3. The device according to claim 1, wherein said pneumatic turbine is mechanically connected to said turbine engine by means of at least one free-wheel.

4. The device according to claim 1, wherein said pneumatic storage contains a mixture of gases comprising by mass at least 50% neutral gas, and a fire-extinguishing agent.

5. The device according to claim 1, wherein said pneumatic turbine comprises a low-pressure supply socket configured so as to be able to carry out an integrity test on the kinematic chain formed by the pneumatic turbine and the free-wheel.

6. The device according to claim 1, wherein said pneumatic valve is controlled for position by electronic equipment and controlled for opening by pyrotechnic equipment.

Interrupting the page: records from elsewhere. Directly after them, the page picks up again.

lemma (in L2_bounded_linear) vmeas_eq_integral_level_set_density:
  assumes "atomless M" and "frechet_L2 M (lift M f) X DF" and X[measurable]: "X \<in> borel_measurable M"
    and "finite S" and "AE \<omega> in M. X \<omega> \<in> S" and A: "A \<in> sets M"
  shows "Bochner_Integration.simple_bochner_integrable M
       (\<lambda>\<omega>. indicator A \<omega> *\<^sub>R (\<Sum>a\<in>S. indicator {a} (X \<omega>) *\<^sub>R
          ((1 / measure (distr M borel X) {a}) *\<^sub>R vmeas_push M DF X {a})))
     \<and> Bochner_Integration.simple_bochner_integral M
       (\<lambda>\<omega>. indicator A \<omega> *\<^sub>R (\<Sum>a\<in>S. indicator {a} (X \<omega>) *\<^sub>R
          ((1 / measure (distr M borel X) {a}) *\<^sub>R vmeas_push M DF X {a})))
       = vmeas DF A"
proof -
  define E where "E a = X -` {a} \<inter> space M" for a
  define c where "c a = (1 / measure M (E a)) *\<^sub>R vmeas DF (E a)" for a
  have E: "E a \<in> sets M" for a
    unfolding E_def by measurable
  have A_E: "A \<inter> X -` {a} = A \<inter> E a" for a
    using sets.sets_into_space[OF A] by (auto simp: E_def)
  have "vmeas DF A = (\<Sum>a\<in>S. measure M (A \<inter> E a) *\<^sub>R c a)"
    using vmeas_eq_sum_level_sets[OF assms] by (simp add: A_E c_def E_def)
  moreover have "(\<lambda>\<omega>. indicator A \<omega> *\<^sub>R (\<Sum>a\<in>S. indicator {a} (X \<omega>) *\<^sub>R
        ((1 / measure (distr M borel X) {a}) *\<^sub>R vmeas_push M DF X {a}))) =
      (\<lambda>\<omega>. \<Sum>a\<in>S. indicator (A \<inter> E a) \<omega> *\<^sub>R c a)"
    using sets.sets_into_space[OF A]
    by (auto simp: fun_eq_iff scaleR_sum_right measure_distr vmeas_push_def E_def c_def indicator_def)
  ultimately show ?thesis
    using A E \<open>finite S\<close> by (simp only:) (rule simple_bochner_integral_indicator_scaleR_sum; auto)
qed

theorem lemma3p4:
  fixes M :: "('a::polish_space) measure"
    and f :: "('h::{real_inner, complete_space, second_countable_topology}) measure \<Rightarrow>
              ('u::{real_inner, complete_space, second_countable_topology})"
    and X0 :: "'a \<Rightarrow> 'h"
    and N :: nat and x :: "nat \<Rightarrow> 'h" and p :: "nat \<Rightarrow> real"
    and DF :: "('a \<Rightarrow> 'h) \<Rightarrow> 'u"
  assumes "standing_prob_space M"
    and "X0 \<in> L2 M"
    and "inj_on x {..<N}"
    and "\<forall>k<N. p k > 0"
    and "(\<Sum>k<N. p k) = 1"
    and "\<forall>B\<in>sets borel. measure (distr M borel X0) B = (\<Sum>k\<in>{k. k < N \<and> x k \<in> B}. p k)"
    and "frechet_L2 M (lift M f) X0 DF"
    and "in_Lambda2 M DF"
  shows "\<forall>A\<in>sets M.
     Bochner_Integration.simple_bochner_integrable M
       (\<lambda>\<omega>. indicator A \<omega> *\<^sub>R
          (\<Sum>k<N. indicator {x k} (X0 \<omega>) *\<^sub>R
                    ((1 / measure (distr M borel X0) {x k}) *\<^sub>R vmeas_push M DF X0 {x k})))
     \<and> Bochner_Integration.simple_bochner_integral M
       (\<lambda>\<omega>. indicator A \<omega> *\<^sub>R
          (\<Sum>k<N. indicator {x k} (X0 \<omega>) *\<^sub>R
                    ((1 / measure (distr M borel X0) {x k}) *\<^sub>R vmeas_push M DF X0 {x k})))
       = vmeas DF A"
proof -
  have "prob_space M" and "atomless M"
    using assms(1) unfolding standing_prob_space_def atomless_def by auto
  interpret prob_space M by fact
  obtain C where "L2_bounded_linear M DF C"
    using frechet_L2_imp_L2_bounded_linear[OF finite_measure_axioms assms(7)] by blast
  interpret L2_bounded_linear M DF C by fact
  have X0: "X0 \<in> borel_measurable M"
    using assms(2) by (simp add: L2_def)
  have "{k. k < N \<and> x k \<in> x ` {..<N}} = {..<N}"
    by auto
  then have "measure (distr M borel X0) (x ` {..<N}) = 1"
    using assms(5) assms(6)[rule_format, OF borel_closed[OF finite_imp_closed]] by simp
  then have "AE \<omega> in M. X0 \<omega> \<in> x ` {..<N}"
    by (intro AE_in_finite_set_of_law X0) auto
  from vmeas_eq_integral_level_set_density[OF \<open>atomless M\<close> assms(7) X0 _ this] show ?thesis
    unfolding sum.reindex[OF assms(3)] o_def by blast
qed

7. The architecture of a propulsion system of a multi-engine helicopter comprising turbine engines connected to a power transmission unit, wherein it comprises: at least one turbine engine among said turbine engines, referred to as a hybrid turbine engine, able to function in at least one standby regime during a stabilised flight of the helicopter, the other turbine engines functioning alone during this stabilised flight, at least one device for the rapid reactivation of a hybrid turbine engine according to claim 1, suitable for being able to bring this hybrid turbine engine out of said standby regime and to reach a so-called nominal regime in which it supplies mechanical power to said power transmission unit.

8. The architecture according to claim 7, wherein it comprises at least one fire-extinguishing device arranged in the vicinity of a turbine engine and connected to said pneumatic valve of a rapid reactivation device by means of so-called fire conduit, so that said gas in said pneumatic storage of this startup device can be conducted on command from said valve to said extinguishing device.

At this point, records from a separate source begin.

(* Let $P$ be a finite poset with a unit OC interval representation $\{I_x : x\in P\}$ (each $I_x$ of length $1$, open or closed). Let $Q$ be the poset on the same ground set in which, for distinct $x,y$, $x<y$ in $Q$ if and only if the open interval $\operatorname{int}(I_x)$ lies entirely to the left of $\operatorname{int}(I_y)$ (i.e. the right endpoint of $I_x$ is at most the left endpoint of $I_y$). Partition $Q$ into antichains $A_1,\dots,A_t$ by letting $A_1$ be the set of minimal elements of $Q$, $A_2$ the set of minimal elements of $Q$ with $A_1$ removed, and so on. Then for all $i$ and all $j \ge i+2$, every $a \in A_i$ and $b \in A_j$ satisfy $a < b$ in $P$. Consequently, any two incomparable elements of $P$ lie in the same antichain $A_i$ or in consecutive antichains $A_i, A_{i+1}$.
   Context: Posets are finite and reflexive. A unit OC interval representation of a poset $P$ assigns to each element $x$ a real interval $I_x$ of length $1$ which is either open $(a,a+1)$ or closed $[a,a+1]$, such that for distinct $x,y$, $x<y$ in $P$ if and only if $I_x$ and $I_y$ are disjoint and every point of $I_x$ is less than every point of $I_y$. *)

theory Defs
  imports Complex_Main
begin

definition unit_interval :: "real \<Rightarrow> bool \<Rightarrow> real set" where
  "unit_interval l is_closed = (if is_closed then {l..l+1} else {l<..<l+1})"

definition interval_before :: "real set \<Rightarrow> real set \<Rightarrow> bool" where
  "interval_before I J \<longleftrightarrow> I \<inter> J = {} \<and> (\<forall>p\<in>I. \<forall>q\<in>J. p < q)"

definition poset_on :: "'a set \<Rightarrow> ('a \<Rightarrow> 'a \<Rightarrow> bool) \<Rightarrow> bool" where
  "poset_on X le \<longleftrightarrow> finite X \<and> (\<forall>x\<in>X. le x x)
     \<and> (\<forall>x\<in>X. \<forall>y\<in>X. le x y \<and> le y x \<longrightarrow> x = y)
     \<and> (\<forall>x\<in>X. \<forall>y\<in>X. \<forall>z\<in>X. le x y \<and> le y z \<longrightarrow> le x z)"

definition unit_OC_rep :: "'a set \<Rightarrow> ('a \<Rightarrow> 'a \<Rightarrow> bool) \<Rightarrow> ('a \<Rightarrow> real) \<Rightarrow> ('a \<Rightarrow> bool) \<Rightarrow> bool" where
  "unit_OC_rep X le l c \<longleftrightarrow> (\<forall>x\<in>X. \<forall>y\<in>X. x \<noteq> y \<longrightarrow>
     ((le x y \<and> x \<noteq> y) \<longleftrightarrow> interval_before (unit_interval (l x) (c x)) (unit_interval (l y) (c y))))"

definition Q_less :: "('a \<Rightarrow> real) \<Rightarrow> 'a \<Rightarrow> 'a \<Rightarrow> bool" where
  "Q_less l x y \<longleftrightarrow> x \<noteq> y \<and> l x + 1 \<le> l y"

definition Q_minimal :: "('a \<Rightarrow> real) \<Rightarrow> 'a set \<Rightarrow> 'a set" where
  "Q_minimal l S = {x \<in> S. \<not> (\<exists>y\<in>S. Q_less l y x)}"

fun Q_rest :: "'a set \<Rightarrow> ('a \<Rightarrow> real) \<Rightarrow> nat \<Rightarrow> 'a set" where
  "Q_rest X l 0 = X"
| "Q_rest X l (Suc k) = Q_rest X l k - Q_minimal l (Q_rest X l k)"

text \<open>Antichain layer k (0-indexed: Q_layer X l k is the paper's A_(k+1)).\<close>
definition Q_layer :: "'a set \<Rightarrow> ('a \<Rightarrow> real) \<Rightarrow> nat \<Rightarrow> 'a set" where
  "Q_layer X l k = Q_minimal l (Q_rest X l k)"

end

theory Submission
  imports Defs
begin

text \<open>If a lies in the layer A_i and b in A_j with j \<ge> i + 2, then b has a Q-predecessor y in
  a layer after A_i, and y in turn a Q-predecessor z that was still present when A_i was formed.
  Minimality of a gives l a < l z + 1 \<le> l y \<le> l b - 1, so the closed hulls of I_a and I_b are
  disjoint and a < b in P, whatever the open/closed type of the intervals.
  Since every element lies in some layer, incomparable elements lie in equal or consecutive layers.\<close>

lemma unit_interval_subset: "unit_interval a c \<subseteq> {a..a+1}"
  by (auto simp: unit_interval_def)

lemma interval_before_unit_interval:
  assumes "la + 1 < lb"
  shows "interval_before (unit_interval la ca) (unit_interval lb cb)"
  using unit_interval_subset[of la ca] unit_interval_subset[of lb cb] assms
  unfolding interval_before_def by fastforce

lemma unit_OC_rep_less_if_gap:
  assumes "unit_OC_rep X le l c" "a \<in> X" "b \<in> X" "l a + 1 < l b"
  shows "le a b \<and> a \<noteq> b"
proof -
  have "a \<noteq> b" using assms(4) by auto
  with assms show ?thesis
    using interval_before_unit_interval unfolding unit_OC_rep_def by blast
qed

lemma Q_minimal_subset: "Q_minimal l S \<subseteq> S"
  by (auto simp: Q_minimal_def)

lemma Q_minimal_nonempty:
  assumes "finite S" "S \<noteq> {}"
  shows "Q_minimal l S \<noteq> {}"
proof -
  have "Min (l ` S) \<in> l ` S" using assms by simp
  then obtain x where x: "x \<in> S" "l x = Min (l ` S)" by auto
  then have "\<forall>y\<in>S. l x \<le> l y" using assms(1) by simp
  with x(1) have "x \<in> Q_minimal l S" by (auto simp: Q_minimal_def Q_less_def)
  then show ?thesis by blast
qed

lemma Q_rest_subset: "Q_rest X l k \<subseteq> X"
  by (induction k) auto

lemma Q_rest_antimono: "k \<le> m \<Longrightarrow> Q_rest X l m \<subseteq> Q_rest X l k"
  by (induction m rule: dec_induct) auto

lemma Q_layer_subset: "Q_layer X l k \<subseteq> Q_rest X l k"
  unfolding Q_layer_def by (rule Q_minimal_subset)

lemma Q_rest_Suc_has_predecessor:
  assumes "y \<in> Q_rest X l (Suc k)"
  shows "\<exists>z\<in>Q_rest X l k. Q_less l z y"
  using assms by (auto simp: Q_minimal_def)

lemma Q_layer_gap:
  assumes a: "a \<in> Q_layer X l i" and b: "b \<in> Q_layer X l j" and ij: "i + 2 \<le> j"
  shows "l a + 1 < l b"
proof -
  obtain j' where j': "j = Suc j'" "Suc i \<le> j'" using ij by (cases j) auto
  have "b \<in> Q_rest X l (Suc j')" using subsetD[OF Q_layer_subset b] j'(1) by (simp only:)
  from Q_rest_Suc_has_predecessor[OF this]
  obtain y where y: "y \<in> Q_rest X l j'" "Q_less l y b" by blast
  have "y \<in> Q_rest X l (Suc i)" using subsetD[OF Q_rest_antimono[OF j'(2)] y(1)] .
  from Q_rest_Suc_has_predecessor[OF this]
  obtain z where z: "z \<in> Q_rest X l i" "Q_less l z y" by blast
  have "\<not> Q_less l z a" using a z(1) by (auto simp: Q_layer_def Q_minimal_def)
  then have "l a < l z + 1" using z(2) by (auto simp: Q_less_def)
  moreover have "l z + 1 \<le> l y" "l y + 1 \<le> l b" using y(2) z(2) by (auto simp: Q_less_def)
  ultimately show ?thesis by linarith
qed

lemma card_Q_rest: "finite X \<Longrightarrow> card (Q_rest X l k) \<le> card X - k"
proof (induction k)
  case 0
  then show ?case by simp
next
  case (Suc k)
  have fin: "finite (Q_rest X l k)" using finite_subset[OF Q_rest_subset Suc.prems] .
  show ?case
  proof (cases "Q_rest X l k = {}")
    case True
    then show ?thesis by simp
  next
    case False
    then have "Q_rest X l (Suc k) \<subset> Q_rest X l k"
      using Q_minimal_nonempty[OF fin] Q_minimal_subset by fastforce
    then have "card (Q_rest X l (Suc k)) < card (Q_rest X l k)"
      using fin by (rule psubset_card_mono[rotated])
    then show ?thesis using Suc by linarith
  qed
qed

lemma Q_rest_card_empty:
  assumes "finite X"
  shows "Q_rest X l (card X) = {}"
proof -
  have "finite (Q_rest X l (card X))" using finite_subset[OF Q_rest_subset assms] .
  moreover have "card (Q_rest X l (card X)) = 0" using card_Q_rest[OF assms, of l "card X"] by simp
  ultimately show ?thesis by simp
qed

lemma Q_layer_exists_if_removed:
  "x \<in> X \<Longrightarrow> x \<notin> Q_rest X l n \<Longrightarrow> \<exists>k. x \<in> Q_layer X l k"
proof (induction n)
  case 0
  then show ?case by simp
next
  case (Suc n)
  then show ?case by (cases "x \<in> Q_rest X l n") (auto simp: Q_layer_def)
qed

lemma Q_layer_exists: "finite X \<Longrightarrow> x \<in> X \<Longrightarrow> \<exists>k. x \<in> Q_layer X l k"
  using Q_layer_exists_if_removed[of x X l "card X"] Q_rest_card_empty[of X l] by blast

lemma Q_layer_subset_ground: "Q_layer X l k \<subseteq> X"
  using Q_layer_subset Q_rest_subset by (rule subset_trans)

theorem mainTheorem3:
  fixes X :: "'a set" and le :: "'a \<Rightarrow> 'a \<Rightarrow> bool"
    and l :: "'a \<Rightarrow> real" and c :: "'a \<Rightarrow> bool"
  assumes "poset_on X le"
    and "unit_OC_rep X le l c"
  shows "(\<forall>i j. i + 2 \<le> j \<longrightarrow>
            (\<forall>a\<in>Q_layer X l i. \<forall>b\<in>Q_layer X l j. le a b \<and> a \<noteq> b))
       \<and> (\<forall>x\<in>X. \<forall>y\<in>X. \<not> le x y \<and> \<not> le y x \<longrightarrow>
            (\<exists>i. (x \<in> Q_layer X l i \<and> y \<in> Q_layer X l i)
               \<or> (x \<in> Q_layer X l i \<and> y \<in> Q_layer X l (Suc i))
               \<or> (y \<in> Q_layer X l i \<and> x \<in> Q_layer X l (Suc i))))"
    (is "?far \<and> ?incomparable")
proof
  show far: ?far
  proof (intro allI impI ballI)
    fix i j a b assume "i + 2 \<le> j" "a \<in> Q_layer X l i" "b \<in> Q_layer X l j"
    then show "le a b \<and> a \<noteq> b"
      by (meson unit_OC_rep_less_if_gap[OF assms(2)] Q_layer_gap Q_layer_subset_ground subsetD)
  qed
  have "finite X" using assms(1) by (simp add: poset_on_def)
  show ?incomparable
  proof (intro ballI impI)
    fix x y assume "x \<in> X" "y \<in> X" and incomp: "\<not> le x y \<and> \<not> le y x"
    then obtain i j where i: "x \<in> Q_layer X l i" and j: "y \<in> Q_layer X l j"
      using Q_layer_exists[OF \<open>finite X\<close>] by blast
    have "\<not> i + 2 \<le> j" "\<not> j + 2 \<le> i" using far i j incomp by metis+
    then have "i = j \<or> j = Suc i \<or> i = Suc j" by arith
    then show "\<exists>i. (x \<in> Q_layer X l i \<and> y \<in> Q_layer X l i)
               \<or> (x \<in> Q_layer X l i \<and> y \<in> Q_layer X l (Suc i))
               \<or> (y \<in> Q_layer X l i \<and> x \<in> Q_layer X l (Suc i))"
      using i j by blast
  qed
qed

end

9. The architecture of a propulsion system of a multi-engine helicopter comprising turbine engines connected to a power transmission unit, wherein it comprises: at least one turbine engine among said turbine engines, referred to as a hybrid turbine engine, able to function in at least one standby regime during a stabilised flight of the helicopter, the other turbine engines functioning alone during this stabilised flight, at least one device for the rapid reactivation of a hybrid turbine engine according to claim 1, suitable for being able to bring this hybrid turbine engine out of said standby regime and to reach a so-called nominal regime in which it supplies mechanical power to said power transmission unit, said architecture including two said hybrid turbine engines and two said rapid reactivation devices, each said hybrid turbine engine being associated with a dedicated reactivation device.

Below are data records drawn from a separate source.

lemma adj_sym:
  assumes "u \<in> V" and "v \<in> V"
  shows "E u v \<longleftrightarrow> E v u"
proof -
  obtain P where P: "partition_on V P"
    and adj: "\<forall>u\<in>V. \<forall>v\<in>V. E u v \<longleftrightarrow> \<not> (\<exists>p\<in>P. u \<in> p \<and> v \<in> p)"
    using complete_multipartite unfolding complete_multipartite_def by blast
  have "E u v \<longleftrightarrow> \<not> (\<exists>p\<in>P. u \<in> p \<and> v \<in> p)"
    and "E v u \<longleftrightarrow> \<not> (\<exists>p\<in>P. v \<in> p \<and> u \<in> p)"
    using adj assms by simp_all
  then show ?thesis by blast
qed

lemma not_adj_trans:
  assumes "u \<in> V" "v \<in> V" "x \<in> V" "\<not> E u v" "\<not> E v x"
  shows "\<not> E u x"
proof -
  obtain P where P: "partition_on V P"
    and adj: "\<forall>u\<in>V. \<forall>v\<in>V. E u v \<longleftrightarrow> \<not> (\<exists>p\<in>P. u \<in> p \<and> v \<in> p)"
    using complete_multipartite unfolding complete_multipartite_def by blast
  obtain p where p: "p \<in> P" "u \<in> p" "v \<in> p" using adj assms by auto
  obtain q where q: "q \<in> P" "v \<in> q" "x \<in> q" using adj assms by auto
  have "p = q" using disjointD[OF partition_onD2[OF P] p(1) q(1)] p q by blast
  then show ?thesis using adj assms p q by auto
qed

abbreviation part :: "'a \<Rightarrow> 'a set" where
  "part \<equiv> part_at V E"

lemma part_eq: "u \<in> V \<Longrightarrow> part u = {v \<in> V. \<not> E u v}"
  unfolding part_at_def using not_adj_self by auto

lemma part_subset: "part u \<subseteq> V"
  unfolding part_at_def by auto

lemma self_in_part: "u \<in> V \<Longrightarrow> u \<in> part u"
  unfolding part_at_def by auto

lemma finite_part: "finite (part u)"
  using finite_V part_subset by (rule finite_subset[rotated])

lemma card_part_pos: "u \<in> V \<Longrightarrow> 0 < card (part u)"
  using finite_part self_in_part card_gt_0_iff by blast

lemma part_eq_if_mem:
  assumes u: "u \<in> V" and v: "v \<in> part u"
  shows "part v = part u"
proof -
  have vV: "v \<in> V" and "\<not> E u v" using u v part_eq by auto
  moreover have "\<not> E v u" using \<open>\<not> E u v\<close> adj_sym u vV by blast
  ultimately have "{x \<in> V. \<not> E v x} = {x \<in> V. \<not> E u x}"
    using u not_adj_trans[OF vV u] not_adj_trans[OF u vV] by blast
  then show ?thesis using part_eq u vV by simp
qed

lemma parts_eq_or_disjoint:
  assumes "u \<in> V" and "v \<in> V"
  shows "part u = part v \<or> part u \<inter> part v = {}"
proof (rule disjCI)
  assume "part u \<inter> part v \<noteq> {}"
  then obtain x where "x \<in> part u" "x \<in> part v" by blast
  then show "part u = part v" using part_eq_if_mem assms by metis
qed

lemma part_at_subset_eq: "U \<subseteq> V \<Longrightarrow> part_at U E u = part u \<inter> U"
  unfolding part_at_def by auto

lemma small_t_sparse:
  assumes "S \<subseteq> V" and "finite S" and "card S \<le> t + 1"
  shows "t_sparse t E S"
  unfolding t_sparse_def
proof
  fix u assume u: "u \<in> S"
  have "{v \<in> S. E u v} \<subseteq> S - {u}" using not_adj_self assms(1) by auto
  then have "card {v \<in> S. E u v} \<le> card (S - {u})" using assms(2) by (intro card_mono) auto
  also have "\<dots> = card S - 1" using assms(2) u by simp
  finally show "card {v \<in> S. E u v} \<le> t" using assms(3) by linarith
qed

text \<open>If two vertices of a t-sparse set are adjacent, every vertex of the set is adjacent to
  one of them, since non-adjacency is transitive.\<close>
lemma t_sparse_within_part_or_card_le:
  assumes S: "S \<subseteq> V" and sparse: "t_sparse t E S"
  shows "(\<exists>u\<in>V. S \<subseteq> part u) \<or> card S \<le> 2 * t"
proof (cases "\<exists>a\<in>S. \<exists>b\<in>S. E a b")
  case True
  then obtain a b where ab: "a \<in> S" "b \<in> S" "E a b" by blast
  have "S \<subseteq> {v \<in> S. E a v} \<union> {v \<in> S. E b v}"
    using ab S adj_sym not_adj_trans by blast
  then have "card S \<le> card ({v \<in> S. E a v} \<union> {v \<in> S. E b v})"
    using finite_V S by (intro card_mono) (auto intro: finite_subset)
  also have "\<dots> \<le> card {v \<in> S. E a v} + card {v \<in> S. E b v}" by (rule card_Un_le)
  also have "\<dots> \<le> t + t" using sparse ab unfolding t_sparse_def by (simp add: add_mono)
  finally show ?thesis by simp
next
  case False
  show ?thesis
  proof (cases "S = {}")
    case False
    then obtain a where "a \<in> S" by blast
    with \<open>\<not> (\<exists>a\<in>S. \<exists>b\<in>S. E a b)\<close> have "S \<subseteq> part a"
      using S unfolding part_at_def by auto
    then show ?thesis using \<open>a \<in> S\<close> S by blast
  qed simp
qed

definition weight :: "nat \<Rightarrow> 'a \<Rightarrow> real" where
  "weight t v = real (2 * t) / real (max (2 * t) (card (part v)))"

lemma weight_le_1:
  assumes "v \<in> V"
  shows "weight t v \<le> 1"
proof -
  have "0 < max (2 * t) (card (part v))" using card_part_pos[OF assms] by simp
  then show ?thesis unfolding weight_def by simp
qed

lemma weight_small_part:
  assumes "1 \<le> t" and "card (part v) \<le> 2 * t"
  shows "weight t v = 1"
proof -
  have "max (2 * t) (card (part v)) = 2 * t" using assms(2) by (rule max_absorb1)
  then show ?thesis using assms(1) unfolding weight_def by simp
qed

lemma sum_weight_part:
  assumes "u \<in> V" and "S \<subseteq> part u"
  shows "sum (weight t) S = real (card S) * weight t u"
proof -
  have "weight t v = weight t u" if "v \<in> S" for v
    using assms that part_eq_if_mem unfolding weight_def by auto
  then show ?thesis by simp
qed

lemma sum_weight_big_part:
  assumes "u \<in> V" and "2 * t \<le> card (part u)"
  shows "sum (weight t) (part u) = real (2 * t)"
  using sum_weight_part[OF assms(1) order_refl] assms card_part_pos[OF assms(1)]
  unfolding weight_def by (simp add: max_def)

lemma sum_weight_t_sparse_le:
  assumes "S \<subseteq> V" and "t_sparse t E S"
  shows "sum (weight t) S \<le> real (2 * t)"
  using t_sparse_within_part_or_card_le[OF assms]
proof
  assume "\<exists>u\<in>V. S \<subseteq> part u"
  then obtain u where u: "u \<in> V" "S \<subseteq> part u" by blast
  define M where "M = max (2 * t) (card (part u))"
  have "card S \<le> card (part u)" using u finite_part card_mono by blast
  then have "real (card S) * weight t u \<le> real M * weight t u"
    unfolding M_def by (intro mult_right_mono) (auto simp: weight_def)
  also have "\<dots> = real (2 * t)"
    using card_part_pos[OF u(1)] unfolding weight_def M_def by simp
  finally show ?thesis using sum_weight_part[OF u] by simp
next
  assume "card S \<le> 2 * t"
  have "sum (weight t) S \<le> (\<Sum>v\<in>S. 1)"
    using assms(1) weight_le_1 by (intro sum_mono) auto
  then show ?thesis using \<open>card S \<le> 2 * t\<close> by simp
qed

10. The architecture of a propulsion system of a multi-engine helicopter comprising turbine engines connected to a power transmission unit, wherein it comprises: at least one turbine engine among said turbine engines, referred to as a hybrid turbine engine, able to function in at least one standby regime during a stabilised flight of the helicopter, the other turbine engines functioning alone during this stabilised flight, at least one device for the rapid reactivation of a hybrid turbine engine according to claim 1, suitable for being able to bring this hybrid turbine engine out of said standby regime and to reach a so-called nominal regime in which it supplies mechanical power to said power transmission unit, said architecture including two said hybrid turbine engines and a single said reactivation device that comprises two pneumatic turbines connected respectively to each said hybrid turbine engine, said pneumatic valve being a three-way valve controlled so as to orient the gas to said pneumatic turbine of the hybrid turbine engine to be reactivated.

11. A helicopter comprising a propulsion system wherein said propulsion system has an architecture according to claim 7.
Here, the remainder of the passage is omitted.